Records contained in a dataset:
# # # # #

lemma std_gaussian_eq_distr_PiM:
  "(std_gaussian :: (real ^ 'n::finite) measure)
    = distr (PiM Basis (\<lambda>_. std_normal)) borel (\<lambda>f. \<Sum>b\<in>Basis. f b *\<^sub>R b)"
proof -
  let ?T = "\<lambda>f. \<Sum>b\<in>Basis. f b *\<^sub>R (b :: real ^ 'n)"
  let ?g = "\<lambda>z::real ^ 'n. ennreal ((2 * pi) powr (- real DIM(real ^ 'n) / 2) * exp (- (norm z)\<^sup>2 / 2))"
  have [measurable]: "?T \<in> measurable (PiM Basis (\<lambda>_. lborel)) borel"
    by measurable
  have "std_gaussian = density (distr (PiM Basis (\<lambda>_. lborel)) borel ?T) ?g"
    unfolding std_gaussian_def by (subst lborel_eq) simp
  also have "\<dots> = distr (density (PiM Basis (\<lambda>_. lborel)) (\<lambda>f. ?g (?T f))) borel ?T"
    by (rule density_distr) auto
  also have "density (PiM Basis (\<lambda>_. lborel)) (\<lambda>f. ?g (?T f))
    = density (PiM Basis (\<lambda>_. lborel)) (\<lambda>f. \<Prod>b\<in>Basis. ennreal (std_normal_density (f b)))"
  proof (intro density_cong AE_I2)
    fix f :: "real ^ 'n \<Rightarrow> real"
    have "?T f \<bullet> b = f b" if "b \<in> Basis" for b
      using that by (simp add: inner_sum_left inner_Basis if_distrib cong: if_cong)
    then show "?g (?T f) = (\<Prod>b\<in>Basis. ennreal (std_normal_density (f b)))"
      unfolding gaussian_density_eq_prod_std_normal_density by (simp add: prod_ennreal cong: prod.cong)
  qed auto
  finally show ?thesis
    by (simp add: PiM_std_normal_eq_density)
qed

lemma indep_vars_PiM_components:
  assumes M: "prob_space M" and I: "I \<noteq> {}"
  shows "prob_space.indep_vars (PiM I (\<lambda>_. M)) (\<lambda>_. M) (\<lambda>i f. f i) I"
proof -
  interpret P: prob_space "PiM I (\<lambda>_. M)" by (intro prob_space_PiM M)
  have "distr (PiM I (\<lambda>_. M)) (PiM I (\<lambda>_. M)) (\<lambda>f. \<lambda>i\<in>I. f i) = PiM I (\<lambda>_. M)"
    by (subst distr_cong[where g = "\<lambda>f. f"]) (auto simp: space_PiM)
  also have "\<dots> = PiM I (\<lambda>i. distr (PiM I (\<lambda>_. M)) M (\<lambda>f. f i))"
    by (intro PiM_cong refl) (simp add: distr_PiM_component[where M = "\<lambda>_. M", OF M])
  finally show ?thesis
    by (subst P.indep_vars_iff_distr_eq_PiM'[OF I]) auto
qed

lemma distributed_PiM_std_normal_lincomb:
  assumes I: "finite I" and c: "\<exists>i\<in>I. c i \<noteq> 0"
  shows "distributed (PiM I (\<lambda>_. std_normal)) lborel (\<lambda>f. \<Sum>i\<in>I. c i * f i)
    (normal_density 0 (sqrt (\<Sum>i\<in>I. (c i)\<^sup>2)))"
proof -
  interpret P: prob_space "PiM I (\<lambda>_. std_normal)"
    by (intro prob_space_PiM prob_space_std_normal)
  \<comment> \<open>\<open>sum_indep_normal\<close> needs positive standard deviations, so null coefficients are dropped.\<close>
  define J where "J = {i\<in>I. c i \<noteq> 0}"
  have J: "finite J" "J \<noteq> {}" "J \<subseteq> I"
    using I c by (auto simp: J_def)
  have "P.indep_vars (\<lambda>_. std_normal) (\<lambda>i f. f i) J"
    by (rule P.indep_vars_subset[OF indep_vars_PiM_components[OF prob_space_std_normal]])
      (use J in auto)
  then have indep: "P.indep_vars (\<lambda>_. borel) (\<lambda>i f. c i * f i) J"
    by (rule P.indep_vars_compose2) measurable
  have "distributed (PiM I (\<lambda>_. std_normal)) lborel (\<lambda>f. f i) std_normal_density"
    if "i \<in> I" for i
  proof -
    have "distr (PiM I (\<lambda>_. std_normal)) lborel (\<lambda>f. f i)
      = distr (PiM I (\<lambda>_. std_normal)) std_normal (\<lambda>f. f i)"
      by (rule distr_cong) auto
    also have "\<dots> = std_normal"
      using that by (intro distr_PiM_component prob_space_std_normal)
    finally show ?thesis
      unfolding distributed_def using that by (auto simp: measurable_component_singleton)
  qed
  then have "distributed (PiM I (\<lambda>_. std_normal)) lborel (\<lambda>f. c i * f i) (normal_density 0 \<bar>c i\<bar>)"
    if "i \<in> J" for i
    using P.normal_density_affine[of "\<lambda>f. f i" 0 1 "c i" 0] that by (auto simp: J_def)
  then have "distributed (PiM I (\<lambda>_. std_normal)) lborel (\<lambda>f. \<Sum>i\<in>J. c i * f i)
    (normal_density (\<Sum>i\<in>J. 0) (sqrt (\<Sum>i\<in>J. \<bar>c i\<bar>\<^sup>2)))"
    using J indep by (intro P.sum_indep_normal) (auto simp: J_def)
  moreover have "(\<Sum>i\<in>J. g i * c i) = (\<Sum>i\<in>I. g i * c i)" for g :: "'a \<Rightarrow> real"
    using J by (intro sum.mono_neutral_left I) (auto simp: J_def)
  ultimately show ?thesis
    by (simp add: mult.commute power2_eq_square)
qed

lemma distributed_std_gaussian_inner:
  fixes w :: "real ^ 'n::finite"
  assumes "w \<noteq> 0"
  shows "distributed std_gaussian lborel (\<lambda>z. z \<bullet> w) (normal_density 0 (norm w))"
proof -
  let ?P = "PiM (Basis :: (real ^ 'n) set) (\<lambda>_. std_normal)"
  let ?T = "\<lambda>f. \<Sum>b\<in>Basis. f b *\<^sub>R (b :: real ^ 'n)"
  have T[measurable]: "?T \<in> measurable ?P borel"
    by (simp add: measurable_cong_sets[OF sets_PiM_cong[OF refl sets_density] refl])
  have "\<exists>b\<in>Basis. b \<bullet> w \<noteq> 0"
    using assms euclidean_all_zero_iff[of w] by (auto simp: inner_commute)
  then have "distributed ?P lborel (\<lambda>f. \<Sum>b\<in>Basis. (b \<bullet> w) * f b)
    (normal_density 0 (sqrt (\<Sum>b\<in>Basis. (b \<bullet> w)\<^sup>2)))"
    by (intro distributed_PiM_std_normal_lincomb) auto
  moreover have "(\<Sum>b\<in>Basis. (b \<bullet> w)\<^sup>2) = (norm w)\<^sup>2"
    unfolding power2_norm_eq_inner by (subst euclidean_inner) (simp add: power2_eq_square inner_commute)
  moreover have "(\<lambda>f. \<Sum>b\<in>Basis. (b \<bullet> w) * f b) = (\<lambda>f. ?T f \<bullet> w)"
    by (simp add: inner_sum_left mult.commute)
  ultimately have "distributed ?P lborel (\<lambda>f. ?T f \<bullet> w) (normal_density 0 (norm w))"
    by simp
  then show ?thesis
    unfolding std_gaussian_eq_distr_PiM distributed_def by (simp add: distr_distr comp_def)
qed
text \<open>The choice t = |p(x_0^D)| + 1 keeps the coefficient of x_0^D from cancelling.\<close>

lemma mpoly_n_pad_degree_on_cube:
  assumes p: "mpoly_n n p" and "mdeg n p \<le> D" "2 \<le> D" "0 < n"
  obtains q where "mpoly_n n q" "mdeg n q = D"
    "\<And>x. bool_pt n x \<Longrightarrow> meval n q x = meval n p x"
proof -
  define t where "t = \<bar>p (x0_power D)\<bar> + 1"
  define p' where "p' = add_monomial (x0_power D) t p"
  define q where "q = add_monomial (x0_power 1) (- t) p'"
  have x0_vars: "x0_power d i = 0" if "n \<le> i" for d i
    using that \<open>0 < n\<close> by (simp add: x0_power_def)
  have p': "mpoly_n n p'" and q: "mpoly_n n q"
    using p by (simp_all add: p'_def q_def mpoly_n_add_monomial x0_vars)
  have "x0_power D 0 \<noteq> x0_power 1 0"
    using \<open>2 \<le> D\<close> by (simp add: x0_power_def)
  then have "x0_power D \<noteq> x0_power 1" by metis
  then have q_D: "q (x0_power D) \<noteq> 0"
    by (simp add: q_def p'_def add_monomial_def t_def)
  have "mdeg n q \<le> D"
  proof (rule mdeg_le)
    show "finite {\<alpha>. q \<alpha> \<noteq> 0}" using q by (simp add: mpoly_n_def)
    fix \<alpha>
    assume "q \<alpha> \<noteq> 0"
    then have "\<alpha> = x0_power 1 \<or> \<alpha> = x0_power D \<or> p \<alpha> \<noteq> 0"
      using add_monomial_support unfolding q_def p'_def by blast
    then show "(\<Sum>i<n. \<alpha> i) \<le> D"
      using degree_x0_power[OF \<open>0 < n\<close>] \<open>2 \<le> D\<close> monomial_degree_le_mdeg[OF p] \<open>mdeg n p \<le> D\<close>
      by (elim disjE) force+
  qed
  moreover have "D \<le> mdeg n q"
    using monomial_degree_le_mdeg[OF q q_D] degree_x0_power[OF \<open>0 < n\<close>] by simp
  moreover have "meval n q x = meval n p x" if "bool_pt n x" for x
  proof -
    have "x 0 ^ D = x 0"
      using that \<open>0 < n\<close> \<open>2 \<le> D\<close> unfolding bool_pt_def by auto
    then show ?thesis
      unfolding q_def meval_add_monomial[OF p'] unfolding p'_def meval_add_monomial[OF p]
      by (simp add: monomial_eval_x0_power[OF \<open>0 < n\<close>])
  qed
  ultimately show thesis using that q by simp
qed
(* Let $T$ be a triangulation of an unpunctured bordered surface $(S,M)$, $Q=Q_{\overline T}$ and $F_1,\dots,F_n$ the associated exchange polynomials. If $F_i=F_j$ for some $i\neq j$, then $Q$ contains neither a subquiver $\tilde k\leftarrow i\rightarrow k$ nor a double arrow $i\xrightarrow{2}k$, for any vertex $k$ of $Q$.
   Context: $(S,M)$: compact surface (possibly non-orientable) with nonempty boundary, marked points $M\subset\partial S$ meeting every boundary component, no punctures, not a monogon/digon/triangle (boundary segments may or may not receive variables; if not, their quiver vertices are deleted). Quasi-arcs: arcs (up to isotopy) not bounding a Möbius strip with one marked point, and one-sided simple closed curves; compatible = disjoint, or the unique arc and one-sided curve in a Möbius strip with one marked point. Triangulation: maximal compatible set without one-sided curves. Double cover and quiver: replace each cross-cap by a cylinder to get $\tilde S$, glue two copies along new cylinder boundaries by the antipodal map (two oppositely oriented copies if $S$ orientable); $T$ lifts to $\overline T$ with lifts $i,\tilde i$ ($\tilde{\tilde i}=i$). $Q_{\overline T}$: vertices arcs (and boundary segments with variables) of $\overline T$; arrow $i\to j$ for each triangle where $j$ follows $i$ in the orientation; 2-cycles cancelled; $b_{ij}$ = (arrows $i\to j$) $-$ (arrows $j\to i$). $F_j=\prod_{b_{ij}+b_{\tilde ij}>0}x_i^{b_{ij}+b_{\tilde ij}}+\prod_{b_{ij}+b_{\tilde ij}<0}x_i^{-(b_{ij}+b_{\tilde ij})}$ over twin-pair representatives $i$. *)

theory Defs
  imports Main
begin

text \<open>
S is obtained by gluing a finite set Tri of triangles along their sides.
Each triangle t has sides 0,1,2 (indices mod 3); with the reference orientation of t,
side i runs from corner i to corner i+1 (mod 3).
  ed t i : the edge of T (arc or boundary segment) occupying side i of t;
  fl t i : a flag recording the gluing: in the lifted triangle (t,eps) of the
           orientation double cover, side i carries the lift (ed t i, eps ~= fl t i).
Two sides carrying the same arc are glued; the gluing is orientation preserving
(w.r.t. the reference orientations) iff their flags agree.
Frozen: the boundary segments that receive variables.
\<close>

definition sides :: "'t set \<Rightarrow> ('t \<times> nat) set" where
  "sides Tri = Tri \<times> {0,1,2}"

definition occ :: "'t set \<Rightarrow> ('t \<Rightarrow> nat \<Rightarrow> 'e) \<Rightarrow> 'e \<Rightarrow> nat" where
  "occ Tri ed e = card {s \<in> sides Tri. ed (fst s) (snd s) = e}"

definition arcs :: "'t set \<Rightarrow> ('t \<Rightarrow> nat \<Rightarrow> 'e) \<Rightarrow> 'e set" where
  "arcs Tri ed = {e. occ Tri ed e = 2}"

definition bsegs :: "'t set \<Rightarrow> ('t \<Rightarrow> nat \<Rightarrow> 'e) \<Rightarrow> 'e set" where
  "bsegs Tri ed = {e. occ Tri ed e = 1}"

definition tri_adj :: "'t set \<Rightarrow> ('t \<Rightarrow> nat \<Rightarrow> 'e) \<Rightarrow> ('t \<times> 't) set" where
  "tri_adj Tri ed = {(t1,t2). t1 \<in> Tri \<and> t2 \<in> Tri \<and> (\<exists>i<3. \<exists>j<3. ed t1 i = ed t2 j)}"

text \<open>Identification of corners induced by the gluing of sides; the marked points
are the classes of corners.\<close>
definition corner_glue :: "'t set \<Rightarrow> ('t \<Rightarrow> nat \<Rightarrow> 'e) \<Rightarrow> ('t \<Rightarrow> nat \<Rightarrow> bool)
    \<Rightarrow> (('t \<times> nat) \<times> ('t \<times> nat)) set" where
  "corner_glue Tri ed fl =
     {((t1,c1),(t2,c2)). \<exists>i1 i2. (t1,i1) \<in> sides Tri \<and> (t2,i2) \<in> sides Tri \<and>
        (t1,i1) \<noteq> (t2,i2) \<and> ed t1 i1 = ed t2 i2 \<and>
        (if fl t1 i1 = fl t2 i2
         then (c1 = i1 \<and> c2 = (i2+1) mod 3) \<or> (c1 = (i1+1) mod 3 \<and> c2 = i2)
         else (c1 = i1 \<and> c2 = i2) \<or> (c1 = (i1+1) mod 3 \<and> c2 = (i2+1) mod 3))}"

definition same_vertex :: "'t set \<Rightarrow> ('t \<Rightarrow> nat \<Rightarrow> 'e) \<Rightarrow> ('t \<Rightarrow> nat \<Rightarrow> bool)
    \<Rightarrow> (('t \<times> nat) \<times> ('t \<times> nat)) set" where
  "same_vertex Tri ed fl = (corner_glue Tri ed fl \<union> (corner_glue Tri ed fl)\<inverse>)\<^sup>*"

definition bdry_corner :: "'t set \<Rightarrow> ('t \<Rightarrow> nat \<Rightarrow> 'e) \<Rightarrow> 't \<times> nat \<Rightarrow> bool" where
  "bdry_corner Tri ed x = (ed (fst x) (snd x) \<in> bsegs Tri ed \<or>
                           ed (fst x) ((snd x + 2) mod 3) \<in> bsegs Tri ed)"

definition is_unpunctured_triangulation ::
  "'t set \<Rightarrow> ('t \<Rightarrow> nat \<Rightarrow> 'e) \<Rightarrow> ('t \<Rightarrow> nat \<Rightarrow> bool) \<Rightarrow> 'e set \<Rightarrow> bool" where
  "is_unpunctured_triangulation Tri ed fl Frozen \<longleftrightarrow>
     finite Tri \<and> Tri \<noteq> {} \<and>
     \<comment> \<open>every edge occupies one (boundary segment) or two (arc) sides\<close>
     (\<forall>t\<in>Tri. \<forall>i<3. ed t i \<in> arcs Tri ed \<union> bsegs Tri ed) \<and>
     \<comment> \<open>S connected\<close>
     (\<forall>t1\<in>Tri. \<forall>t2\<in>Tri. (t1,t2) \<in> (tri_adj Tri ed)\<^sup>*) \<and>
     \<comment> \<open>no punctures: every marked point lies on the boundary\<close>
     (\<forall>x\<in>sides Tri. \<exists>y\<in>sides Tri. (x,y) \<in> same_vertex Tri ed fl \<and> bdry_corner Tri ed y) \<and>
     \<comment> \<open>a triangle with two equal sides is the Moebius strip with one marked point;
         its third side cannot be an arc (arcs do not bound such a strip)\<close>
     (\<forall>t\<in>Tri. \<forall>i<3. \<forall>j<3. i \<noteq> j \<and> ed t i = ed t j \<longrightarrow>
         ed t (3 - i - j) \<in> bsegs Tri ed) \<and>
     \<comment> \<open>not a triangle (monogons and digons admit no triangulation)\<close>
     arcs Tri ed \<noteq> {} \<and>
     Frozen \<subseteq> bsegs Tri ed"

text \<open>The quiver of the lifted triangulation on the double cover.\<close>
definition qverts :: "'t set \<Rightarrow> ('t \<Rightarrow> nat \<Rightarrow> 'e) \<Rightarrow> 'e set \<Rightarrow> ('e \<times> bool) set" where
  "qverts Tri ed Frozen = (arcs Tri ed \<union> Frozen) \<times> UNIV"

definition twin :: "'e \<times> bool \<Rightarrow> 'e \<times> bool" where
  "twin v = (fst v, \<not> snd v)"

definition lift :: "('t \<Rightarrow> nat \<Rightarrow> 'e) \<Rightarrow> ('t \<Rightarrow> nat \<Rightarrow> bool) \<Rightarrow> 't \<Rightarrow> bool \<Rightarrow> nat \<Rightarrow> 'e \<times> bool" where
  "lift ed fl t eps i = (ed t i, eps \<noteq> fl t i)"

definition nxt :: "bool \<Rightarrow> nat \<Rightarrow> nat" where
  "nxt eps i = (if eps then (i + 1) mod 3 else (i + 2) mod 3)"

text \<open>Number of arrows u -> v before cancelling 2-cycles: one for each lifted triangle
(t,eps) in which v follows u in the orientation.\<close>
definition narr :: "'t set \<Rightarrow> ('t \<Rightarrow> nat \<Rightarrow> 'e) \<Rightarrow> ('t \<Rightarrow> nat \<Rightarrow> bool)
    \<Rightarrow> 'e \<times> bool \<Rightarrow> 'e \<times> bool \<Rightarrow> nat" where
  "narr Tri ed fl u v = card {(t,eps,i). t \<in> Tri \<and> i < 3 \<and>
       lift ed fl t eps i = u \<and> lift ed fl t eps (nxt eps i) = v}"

# # # # #

Out of the data above, return each line where the word "sqrt" can be found.

    (normal_density 0 (sqrt (\<Sum>i\<in>I. (c i)\<^sup>2)))"
    (normal_density (\<Sum>i\<in>J. 0) (sqrt (\<Sum>i\<in>J. \<bar>c i\<bar>\<^sup>2)))"
    (normal_density 0 (sqrt (\<Sum>b\<in>Basis. (b \<bullet> w)\<^sup>2)))"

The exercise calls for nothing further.